• _What the task requires_:
Below are records. Find each line in them that holds the word "blast" and copy it.

┄┄┄┄┄┄┄┄┄┄

lemma linext_lie_part_inst_in_ideal:
  assumes r: "r \<in> set arb_rels" and h: "h \<in> set (leaves C)"
    and ml: "\<forall>(c, t) \<in> set r. multilin n (plug C h (subst s t))"
  shows "linext lie_part (inst a C h s r) \<in> ideal lie_rels n"
  using arb_rels_cases[OF r]
proof
  assume "\<exists>rl \<in> set lie_rels. r = lift_rel rl"
  then obtain rl where rl: "rl \<in> set lie_rels" "r = lift_rel rl" by blast
  obtain K where K: "\<forall>x\<in>set rl. set (leaves (snd x)) = K" using lie_rels_same_leaves[OF rl(1)] by blast
  have "inst a (to_lie C) h (\<lambda>i. to_lie (s i)) rl \<in> ideal lie_rels n"
  proof (rule inst_in_ideal[OF rl(1)])
    show "h \<in> set (leaves (to_lie C))" using h by simp
    show "\<forall>(c, t)\<in>set rl. multilin n (plug (to_lie C) h (subst (\<lambda>i. to_lie (s i)) t))"
    proof clarify
      fix c t assume "(c, t) \<in> set rl"
      then have "(c, of_lie t) \<in> set r" using rl(2) by (force simp: lift_rel_def)
      then have "multilin n (plug C h (subst s (of_lie t)))" using ml by auto
      then show "multilin n (plug (to_lie C) h (subst (\<lambda>i. to_lie (s i)) t))"
        using to_lie_plug_subst[of C h s t] by (metis multilin_def leaves_to_lie)
    qed
  qed
  then show ?thesis
    using linext_lie_part_inst_lift_rel[OF K h, of a s] ideal.zero rl(2) by auto
next
  assume "\<forall>x\<in>set r. \<not> bracket_only (snd x)"
  then have "linext lie_part (inst a C h s r) = (\<lambda>y. \<Sum>x\<leftarrow>r. 0)"
    unfolding linext_inst split_def using h
    by (intro ext arg_cong[where f = sum_list] map_cong)
      (auto simp: lie_part_def bracket_only_plug bracket_only_subst)
  then have "linext lie_part (inst a C h s r) = 0" by (simp add: fun_eq_iff)
  then show ?thesis by (simp only: ideal.zero)
qed

lemma linext_lie_part_ideal: "v \<in> ideal arb_rels n \<Longrightarrow> linext lie_part v \<in> ideal lie_rels n"
  by (rule linext_ideal_in_ideal) (rule linext_lie_part_inst_in_ideal)

lemma sum_rel_caseI:
  "u \<in> ideal lie_rels n \<Longrightarrow> w \<in> ideal ass_rels n \<Longrightarrow>
   (\<lambda>x. case x of Inl a \<Rightarrow> u a | Inr b \<Rightarrow> w b) \<in> sum_rel n"
  unfolding sum_rel_def by blast

lemma zero_in_sum_rel: "0 \<in> sum_rel n"
proof -
  have "(0 :: lieop tree + assop tree \<Rightarrow> 'k::field) =
      (\<lambda>x. case x of Inl a \<Rightarrow> (0 :: lieop tree \<Rightarrow> 'k) a | Inr b \<Rightarrow> (0 :: assop tree \<Rightarrow> 'k) b)"
    by (auto simp: fun_eq_iff split: sum.splits)
  then show ?thesis using sum_rel_caseI[OF ideal.zero ideal.zero] by metis
qed

lemma sum_rel_add: "a \<in> sum_rel n \<Longrightarrow> b \<in> sum_rel n \<Longrightarrow> a + b \<in> sum_rel n"
  unfolding sum_rel_def
  by (auto intro!: exI[of _ "_ + _"] ideal_add simp: fun_eq_iff split: sum.splits)

lemma sum_rel_scale: "a \<in> sum_rel n \<Longrightarrow> (\<lambda>y. c * a y) \<in> sum_rel n"
  unfolding sum_rel_def
  by (auto intro!: exI[of _ "\<lambda>y. c * _ y"] ideal_scale simp: fun_eq_iff split: sum.splits)

lemma linext_arb_map_ideal:
  "v \<in> ideal arb_rels n \<Longrightarrow> linext arb_map v \<in> (sum_rel n :: (_ \<Rightarrow> 'k::field) set)"
proof -
  assume v: "v \<in> ideal arb_rels n"
  have "linext arb_map v =
      (\<lambda>x. case x of Inl a \<Rightarrow> linext lie_part v a | Inr b \<Rightarrow> (0 :: assop tree \<Rightarrow> 'k) b)"
    unfolding linext_arb_map linext_ass_part linext_word_poly_ideal[OF v]
    by (auto simp: fun_eq_iff split: sum.splits)
  then show ?thesis using sum_rel_caseI[OF linext_lie_part_ideal[OF v] ideal.zero] by metis
qed

section \<open>Normal forms\<close>

definition args3 :: "'o tree \<Rightarrow> 'o tree \<Rightarrow> 'o tree \<Rightarrow> nat \<Rightarrow> 'o tree" where
  "args3 X Y Z = (\<lambda>i. if i = 0 then X else if i = 1 then Y else Z)"

lemma args3_simps [simp]: "args3 X Y Z 0 = X" "args3 X Y Z (Suc 0) = Y" "args3 X Y Z 2 = Z"
  by (auto simp: args3_def)

text \<open>Reassociating \<open>x(yz)\<close> to \<open>(xy)z\<close> strictly decreases the total size of right subtrees.\<close>

fun right_weight :: "'o tree \<Rightarrow> nat" where
  "right_weight (Leaf i) = 0"
| "right_weight (Node g l r) = right_weight l + right_weight r + length (leaves r)"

┄┄┄┄┄┄┄┄┄┄

• _Output_:
  then obtain rl where rl: "rl \<in> set lie_rels" "r = lift_rel rl" by blast
  obtain K where K: "\<forall>x\<in>set rl. set (leaves (snd x)) = K" using lie_rels_same_leaves[OF rl(1)] by blast
  unfolding sum_rel_def by blast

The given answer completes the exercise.